We received laboratory-confirmed medical records and edited data of COVID-19 inpatients admitted to the National Health Commission in the period from December 2019 to January 2020. The data deadline for the study was March 2021. All the participants were isolated at Misr International Hospital, Cairo, Egypt, for the period from March 2021 to April 2021. The study was approved by the ethics committee of Misr International Hospital, Cairo, Egypt, and the institutional review board of the Ministry of Health, Cairo, Egypt (No. 3—2021/19). Severe COVID-19 patients are defined as those having hypoxemia (≤93% percutaneous oxygen saturation (SpO2) or ≥30/min respiratory rate on room air who are on the high-flow nasal cannula or noninvasive mechanical ventilation). Patients not fulfilling the above criteria were weighed as moderate. Informed printed consent was taken from all participants after the ethical committee of the institutional review board permitted this research. Cases of COVID-19 were confirmed by the presence of positive results for high-throughput sequencing or real-time reverse transcriptase-polymerase chain reaction (RT-PCR) testing of swab samples in the nose and throat [21].

2.2. Patients

Only cases identified as COVID-19 positive by RT-PCR in the laboratory were involved in the study.

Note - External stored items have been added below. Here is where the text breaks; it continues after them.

(* Let $I\subseteq[0,\infty)$ be an interval, let $f:I\to\mathbb{R}$ be twice differentiable on $I^\circ$, and let $a,b\in I^\circ$ with $a<b$ such that $f''\in L^1[a,b]$. Let $q>1$ and $p=\frac{q}{q-1}$. If $|f''|^q$ is quasi-convex on $[a,b]$, then $$\left|\frac{f(a)+f(b)}{2}-\frac{1}{b-a}\int_a^b f(x)\,dx\right|\le \frac{(b-a)^2}{2^{1+\frac1q}}\bigl(\beta(2,p+1)\bigr)^{\frac1p}\left(\max\{|f''(a)|^q,|f''(b)|^q\}\right)^{\frac1q}.$$
   Context: A function $g:[a,b]\to\mathbb{R}$ is quasi-convex on $[a,b]$ if $g(\lambda x+(1-\lambda)y)\le\max\{g(x),g(y)\}$ for all $x,y\in[a,b]$ and $\lambda\in[0,1]$. $\beta(x,y)=\int_0^1 t^{x-1}(1-t)^{y-1}\,dt$ for $x,y>0$. *)

theory Defs
  imports "HOL-Analysis.Analysis"
begin

definition quasiconvex_on :: "real set \<Rightarrow> (real \<Rightarrow> real) \<Rightarrow> bool" where
  "quasiconvex_on S g \<longleftrightarrow>
     (\<forall>x\<in>S. \<forall>y\<in>S. \<forall>t::real. 0 \<le> t \<and> t \<le> 1 \<longrightarrow>
        g (t * x + (1 - t) * y) \<le> max (g x) (g y))"

definition beta_fn :: "real \<Rightarrow> real \<Rightarrow> real" where
  "beta_fn x y = integral {0..1} (\<lambda>t. t powr (x - 1) * (1 - t) powr (y - 1))"

end

theory Submission
  imports Defs
begin

(*
  Instead of the paper's Hoelder-inequality argument we prove the sharper classical
  estimate and then compare constants.  Write  E(f) = (b-a)(f a + f b)/2 - int_a^b f
  for the error of the trapezoid rule.

  1. Quasi-convexity of |f''|^q bounds |f''| on [a,b] by K = max |f''(a)| |f''(b)|.
  2. For convex g the right Hermite-Hadamard inequality gives E(g) >= 0 (g lies below
     its chord).  Since E is linear and E(x^2) = (b-a)^3/6, applying this to the convex
     functions K x^2/2 +- f yields the classical bound |E(f)| <= K (b-a)^3/12.
  3. Evaluating beta(2, p+1) = 1/((p+1)(p+2)) through the Gamma function and using
     (p+1)(p+2) <= 2 * 3^p, the paper's constant beta(2,p+1)^(1/p) / 2^(1+1/q) is at
     least 1/12.
  The theorem follows by dividing step 2 by b - a and weakening 1/12 by step 3.
*)

lemma quasiconvex_on_Icc_le_max:
  fixes g :: "real \<Rightarrow> real"
  assumes "quasiconvex_on {a..b} g" and x: "x \<in> {a..b}"
  shows "g x \<le> max (g a) (g b)"
proof (cases "a = b")
  case True
  with x show ?thesis by simp
next
  case False
  with x have ab: "a < b" by auto
  define t where "t = (b - x) / (b - a)"
  have t: "0 \<le> t" "t \<le> 1" using x ab by (auto simp: t_def field_simps)
  have "t * (b - a) = b - x" using ab by (simp add: t_def)
  then have "x = t * a + (1 - t) * b" by (simp add: algebra_simps)
  then show ?thesis
    using assms(1) t ab unfolding quasiconvex_on_def by (metis atLeastAtMost_iff order_less_imp_le order_refl)
qed

lemma max_powr:
  fixes u v q :: real
  assumes "0 \<le> u" and "0 \<le> v" and "0 \<le> q"
  shows "max (u powr q) (v powr q) = max u v powr q"
proof (cases "u \<le> v")
  case True
  then show ?thesis using assms by (simp add: max_absorb2 powr_mono2)
next
  case False
  then show ?thesis using assms by (simp add: max_absorb1 powr_mono2)
qed

lemma abs_le_max_of_quasiconvex_powr:
  fixes h :: "real \<Rightarrow> real"
  assumes q: "q > 0" and qc: "quasiconvex_on {a..b} (\<lambda>x. \<bar>h x\<bar> powr q)" and x: "x \<in> {a..b}"
  shows "\<bar>h x\<bar> \<le> max \<bar>h a\<bar> \<bar>h b\<bar>"
proof -
  have "\<bar>h x\<bar> powr q \<le> max (\<bar>h a\<bar> powr q) (\<bar>h b\<bar> powr q)"
    using quasiconvex_on_Icc_le_max[OF qc x] .
  also have "\<dots> = (max \<bar>h a\<bar> \<bar>h b\<bar>) powr q"
    using q by (simp add: max_powr)
  finally show ?thesis
    using q by (meson abs_ge_zero max.coboundedI1 not_le powr_less_mono2)
qed

definition trapezoid_error :: "(real \<Rightarrow> real) \<Rightarrow> real \<Rightarrow> real \<Rightarrow> real" where
  "trapezoid_error f a b = (b - a) * (f a + f b) / 2 - integral {a..b} f"

(* Right Hermite-Hadamard inequality: a convex function lies below its chord, so the
   trapezoid rule overestimates its integral. *)
lemma trapezoid_error_convex_nonneg:
  fixes g :: "real \<Rightarrow> real"
  assumes cv: "convex_on {a..b} g" and ab: "a \<le> b" and int: "g integrable_on {a..b}"
  shows "0 \<le> trapezoid_error g a b"
proof -
  define s where "s = (g b - g a) / (b - a)"
  define F where "F x = g a * x + s / 2 * (x - a)^2" for x
  have chord: "((\<lambda>x. s * (x - a) + g a) has_integral (F b - F a)) {a..b}"
  proof (rule fundamental_theorem_of_calculus[OF ab])
    fix x assume "x \<in> {a..b}"
    have "(F has_real_derivative s * (x - a) + g a) (at x within {a..b})"
      unfolding F_def by (auto intro!: derivative_eq_intros simp: power2_eq_square algebra_simps)
    then show "(F has_vector_derivative s * (x - a) + g a) (at x within {a..b})"
      by (simp add: has_real_derivative_iff_has_vector_derivative)
  qed
  have "integral {a..b} g \<le> F b - F a"
    using has_integral_le[OF integrable_integral[OF int] chord] convex_onD_Icc'[OF cv]
    by (simp add: s_def)
  also have "F b - F a = (b - a) * (g a + g b) / 2"
  proof (cases "a = b")
    case False
    then show ?thesis by (simp add: F_def s_def field_simps power2_eq_square)
  qed (simp add: F_def)
  finally show ?thesis by (simp add: trapezoid_error_def)
qed

lemma trapezoid_error_add_scaled:
  assumes "f integrable_on {a..b}" and "g integrable_on {a..b}"
  shows "trapezoid_error (\<lambda>x. f x + c * g x) a b = trapezoid_error f a b + c * trapezoid_error g a b"
proof -
  have "integral {a..b} (\<lambda>x. f x + c * g x) = integral {a..b} f + c * integral {a..b} g"
    using integral_add[OF assms(1) integrable_on_cmult_left[OF assms(2), of c]] by simp
  then show ?thesis by (simp add: trapezoid_error_def field_simps)
qed

lemma trapezoid_error_neg: "trapezoid_error (\<lambda>x. - f x) a b = - trapezoid_error f a b"
  by (simp add: trapezoid_error_def integral_neg field_simps)

(* The trapezoid error of x^2, which is exactly the defect compensated by K x^2/2. *)
lemma trapezoid_error_square:
  fixes a b :: real assumes ab: "a \<le> b"
  shows "trapezoid_error (\<lambda>x. x^2) a b = (b - a)^3 / 6"
proof -
  have "((\<lambda>x. x^2) has_integral (b^3 / 3 - a^3 / 3)) {a..b}"
  proof (rule fundamental_theorem_of_calculus[OF ab])
    fix x :: real
    have "((\<lambda>x. x^3 / 3) has_real_derivative x^2) (at x within {a..b})"
      by (auto intro!: derivative_eq_intros simp: power2_eq_square)
    then show "((\<lambda>x. x^3 / 3) has_vector_derivative x^2) (at x within {a..b})"
      by (simp add: has_real_derivative_iff_has_vector_derivative)
  qed
  then show ?thesis
    by (simp add: trapezoid_error_def integral_unique power2_eq_square power3_eq_cube field_simps)
qed

(* One-sided bound: if f'' >= -K then f + K x^2/2 is convex, so E(f) >= -K (b-a)^3/12. *)
lemma trapezoid_error_lower_bound:
  fixes f f' f'' :: "real \<Rightarrow> real"
  assumes ab: "a \<le> b"
    and f': "\<And>x. x \<in> {a..b} \<Longrightarrow> (f has_real_derivative f' x) (at x)"
    and f'': "\<And>x. x \<in> {a..b} \<Longrightarrow> (f' has_real_derivative f'' x) (at x)"
    and lower: "\<And>x. x \<in> {a..b} \<Longrightarrow> - K \<le> f'' x"
  shows "- (K * (b - a)^3 / 12) \<le> trapezoid_error f a b"
proof -
  have cont: "continuous_on {a..b} f"
    using f' by (meson DERIV_isCont continuous_at_imp_continuous_on)
  have "convex_on {a..b} (\<lambda>x. f x + K / 2 * x^2)"
  proof (rule f''_ge0_imp_convex)
    fix x assume x: "x \<in> {a..b}"
    show "((\<lambda>x. f x + K / 2 * x^2) has_real_derivative f' x + K * x) (at x)"
      using f'[OF x] by (auto intro!: derivative_eq_intros simp: power2_eq_square)
    show "((\<lambda>x. f' x + K * x) has_real_derivative f'' x + K) (at x)"
      using f''[OF x] by (auto intro!: derivative_eq_intros)
    show "0 \<le> f'' x + K" using lower[OF x] by linarith
  qed simp
  then have "0 \<le> trapezoid_error (\<lambda>x. f x + K / 2 * x^2) a b"
    by (rule trapezoid_error_convex_nonneg[OF _ ab])
      (intro integrable_continuous_interval continuous_intros cont)
  moreover have "trapezoid_error (\<lambda>x. f x + K / 2 * x^2) a b
      = trapezoid_error f a b + K / 2 * trapezoid_error (\<lambda>x. x^2) a b"
    by (rule trapezoid_error_add_scaled) (intro integrable_continuous_interval continuous_intros cont)+
  moreover have "K / 2 * trapezoid_error (\<lambda>x. x^2) a b = K * (b - a)^3 / 12"
    using ab by (simp add: trapezoid_error_square)
  ultimately show ?thesis by linarith
qed

lemma trapezoid_error_bound:
  fixes f f' f'' :: "real \<Rightarrow> real"
  assumes ab: "a \<le> b"
    and f': "\<And>x. x \<in> {a..b} \<Longrightarrow> (f has_real_derivative f' x) (at x)"
    and f'': "\<And>x. x \<in> {a..b} \<Longrightarrow> (f' has_real_derivative f'' x) (at x)"
    and bound: "\<And>x. x \<in> {a..b} \<Longrightarrow> \<bar>f'' x\<bar> \<le> K"
  shows "\<bar>trapezoid_error f a b\<bar> \<le> K * (b - a)^3 / 12"
proof -
  have "- (K * (b - a)^3 / 12) \<le> trapezoid_error f a b"
  proof (rule trapezoid_error_lower_bound[OF ab f' f''])
    show "- K \<le> f'' x" if "x \<in> {a..b}" for x using bound[OF that] by linarith
  qed
  moreover have "- (K * (b - a)^3 / 12) \<le> trapezoid_error (\<lambda>x. - f x) a b"
  proof (rule trapezoid_error_lower_bound[OF ab])
    fix x assume x: "x \<in> {a..b}"
    show "((\<lambda>x. - f x) has_real_derivative - f' x) (at x)" using f'[OF x] by (rule DERIV_minus)
    show "((\<lambda>x. - f' x) has_real_derivative - f'' x) (at x)" using f''[OF x] by (rule DERIV_minus)
    show "- K \<le> - f'' x" using bound[OF x] by linarith
  qed
  ultimately show ?thesis
    by (simp add: trapezoid_error_neg)
qed

lemma beta_fn_eq_Beta:
  assumes "x > 0" and "y > 0"
  shows "beta_fn x y = Beta x y"
  unfolding beta_fn_def using has_integral_Beta_real[OF assms] by (rule integral_unique)

(* beta(2, y) = 1/(y(y+1)), from Gamma(y+2) = (y+1) y Gamma(y). *)
lemma Beta_two:
  fixes y :: real assumes y: "y > 0"
  shows "Beta 2 y = 1 / (y * (y + 1))"
proof -
  have nonint: "z \<notin> \<int>\<^sub>\<le>\<^sub>0" if "z > 0" for z :: real
    using that nonpos_Ints_nonpos by fastforce
  have "Gamma (2 :: real) = 1"
    using Gamma_plus1[OF nonint[of 1]] by simp
  moreover have "Gamma (2 + y) = (y + 1) * y * Gamma y"
    using Gamma_plus1[OF nonint[of "y + 1"]] Gamma_plus1[OF nonint[of y]] y
    by (simp add: add.commute add.left_commute)
  moreover have "Gamma y \<noteq> 0"
    using Gamma_eq_zero_iff nonint y by blast
  ultimately show ?thesis
    by (simp add: Beta_def mult.commute)
qed

(* Elementary growth estimate, via 3^s >= e^s >= (1 + s/2)^2 for s = p - 1 >= 0. *)
lemma powr_three_lower_bound:
  fixes p :: real assumes p: "p \<ge> 1"
  shows "(p + 1) * (p + 2) \<le> 2 * 3 powr p"
proof -
  define s where "s = p - 1"
  have s: "0 \<le> s" using p by (simp add: s_def)
  have "(1 + s / 2)^2 \<le> exp (s / 2)^2"
    using s by (intro power_mono exp_ge_add_one_self) auto
  also have "\<dots> = exp s"
    by (simp add: power2_eq_square exp_add[symmetric])
  also have "\<dots> \<le> 3 powr s"
    using s ln3_gt_1 by (simp add: powr_def mult_left_mono[of 1 "ln 3" s, simplified])
  finally have "(1 + s / 2)^2 \<le> 3 powr s" .
  moreover have "6 * (1 + s / 2)^2 - (p + 1) * (p + 2) = s^2 / 2 + s"
    by (simp add: s_def power2_eq_square field_simps)
  moreover have "3 powr p = 3 * 3 powr s"
    by (simp add: s_def powr_diff)
  moreover have "0 \<le> s^2 / 2 + s" using s by simp
  ultimately show ?thesis by linarith
qed

(* Step 3: the constant of the theorem dominates the classical constant 1/12.
   With 2^(1+1/q) = 4 / 2^(1/p) this reduces to (2 beta(2,p+1))^(1/p) >= 1/3. *)
lemma trapezoid_constant_lower_bound:
  fixes p q :: real
  assumes q: "q > 1" and p_def: "p = q / (q - 1)"
  shows "1 / 12 \<le> beta_fn 2 (p + 1) powr (1 / p) / 2 powr (1 + 1 / q)"
proof -
  have p: "p > 1" unfolding p_def using q by (subst less_divide_eq_1_pos) auto
  have conjugate: "1 / q = 1 - 1 / p" unfolding p_def using q by (simp add: diff_divide_distrib)
  define B where "B = beta_fn 2 (p + 1)"
  have B: "B = 1 / ((p + 1) * (p + 2))"
    using p by (simp add: B_def beta_fn_eq_Beta Beta_two add.commute add.left_commute)
  have "3 powr (- p) \<le> 2 * B"
  proof -
    have "0 < (p + 1) * (p + 2)" using p by simp
    then show ?thesis
      using powr_three_lower_bound[of p] p by (simp add: B powr_minus divide_simps)
  qed
  then have "(3 powr (- p)) powr (1 / p) \<le> (2 * B) powr (1 / p)"
    using p by (intro powr_mono2) auto
  moreover have "(3 powr (- p)) powr (1 / p) = 1 / 3"
  proof -
    have "- p * (1 / p) = -1" using p by simp
    then show ?thesis by (simp only: powr_powr) (simp add: powr_minus)
  qed
  moreover have "B powr (1 / p) / 2 powr (1 + 1 / q) = (2 * B) powr (1 / p) / 4"
  proof -
    have "0 < B" using p by (simp add: B)
    then show ?thesis unfolding conjugate by (simp add: powr_mult powr_add powr_diff)
  qed
  ultimately show ?thesis
    unfolding B_def[symmetric] by linarith
qed

theorem theorem2p3:
  fixes I :: "real set" and f f' f'' :: "real \<Rightarrow> real" and a b p q :: real
  assumes "is_interval I" and "I \<subseteq> {0..}"
    and "\<And>x. x \<in> interior I \<Longrightarrow> (f has_real_derivative f' x) (at x)"
    and "\<And>x. x \<in> interior I \<Longrightarrow> (f' has_real_derivative f'' x) (at x)"
    and "a \<in> interior I" and "b \<in> interior I" and "a < b"
    and "f'' absolutely_integrable_on {a..b}"
    and "q > 1" and "p = q / (q - 1)"
    and "quasiconvex_on {a..b} (\<lambda>x. \<bar>f'' x\<bar> powr q)"
  shows "\<bar>(f a + f b) / 2 - (1 / (b - a)) * integral {a..b} f\<bar>
    \<le> (b - a)^2 / 2 powr (1 + 1 / q) * (beta_fn 2 (p + 1)) powr (1 / p)
       * (max (\<bar>f'' a\<bar> powr q) (\<bar>f'' b\<bar> powr q)) powr (1 / q)"
proof -
  have "{a..b} \<subseteq> interior I"
    using assms(1,5,6,7) closed_segment_subset[of a "interior I" b]
    by (simp add: is_interval_convex convex_interior closed_segment_eq_real_ivl)
  define K where "K = max \<bar>f'' a\<bar> \<bar>f'' b\<bar>"
  have "\<bar>trapezoid_error f a b\<bar> \<le> K * (b - a)^3 / 12"
  proof (rule trapezoid_error_bound[where f' = f'])
    show "\<bar>f'' x\<bar> \<le> K" if "x \<in> {a..b}" for x
      unfolding K_def using assms(9,11) that by (intro abs_le_max_of_quasiconvex_powr) auto
  qed (use assms(3,4,7) \<open>{a..b} \<subseteq> interior I\<close> in auto)
  then have "\<bar>(f a + f b) / 2 - (1 / (b - a)) * integral {a..b} f\<bar> \<le> (b - a)^2 * K * (1 / 12)"
    using assms(7) by (simp add: trapezoid_error_def abs_div field_simps power2_eq_square power3_eq_cube)
  also have "\<dots> \<le> (b - a)^2 * K * (beta_fn 2 (p + 1) powr (1 / p) / 2 powr (1 + 1 / q))"
    using trapezoid_constant_lower_bound[OF assms(9,10)] by (intro mult_left_mono) (auto simp: K_def)
  also have "K = (max (\<bar>f'' a\<bar> powr q) (\<bar>f'' b\<bar> powr q)) powr (1 / q)"
    using assms(9) by (simp add: K_def max_powr powr_powr)
  finally show ?thesis by (simp add: ac_simps)
qed

end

Based on how severe their symptoms were, confirmed cases of COVID-19 were divided into two groups (50 patients each) [22].
Group1 included patients with moderate symptoms and infected by a coronavirus.
Group2 included patients with severe symptoms, infected by a coronavirus, and admitted to the intensive care unit (ICU).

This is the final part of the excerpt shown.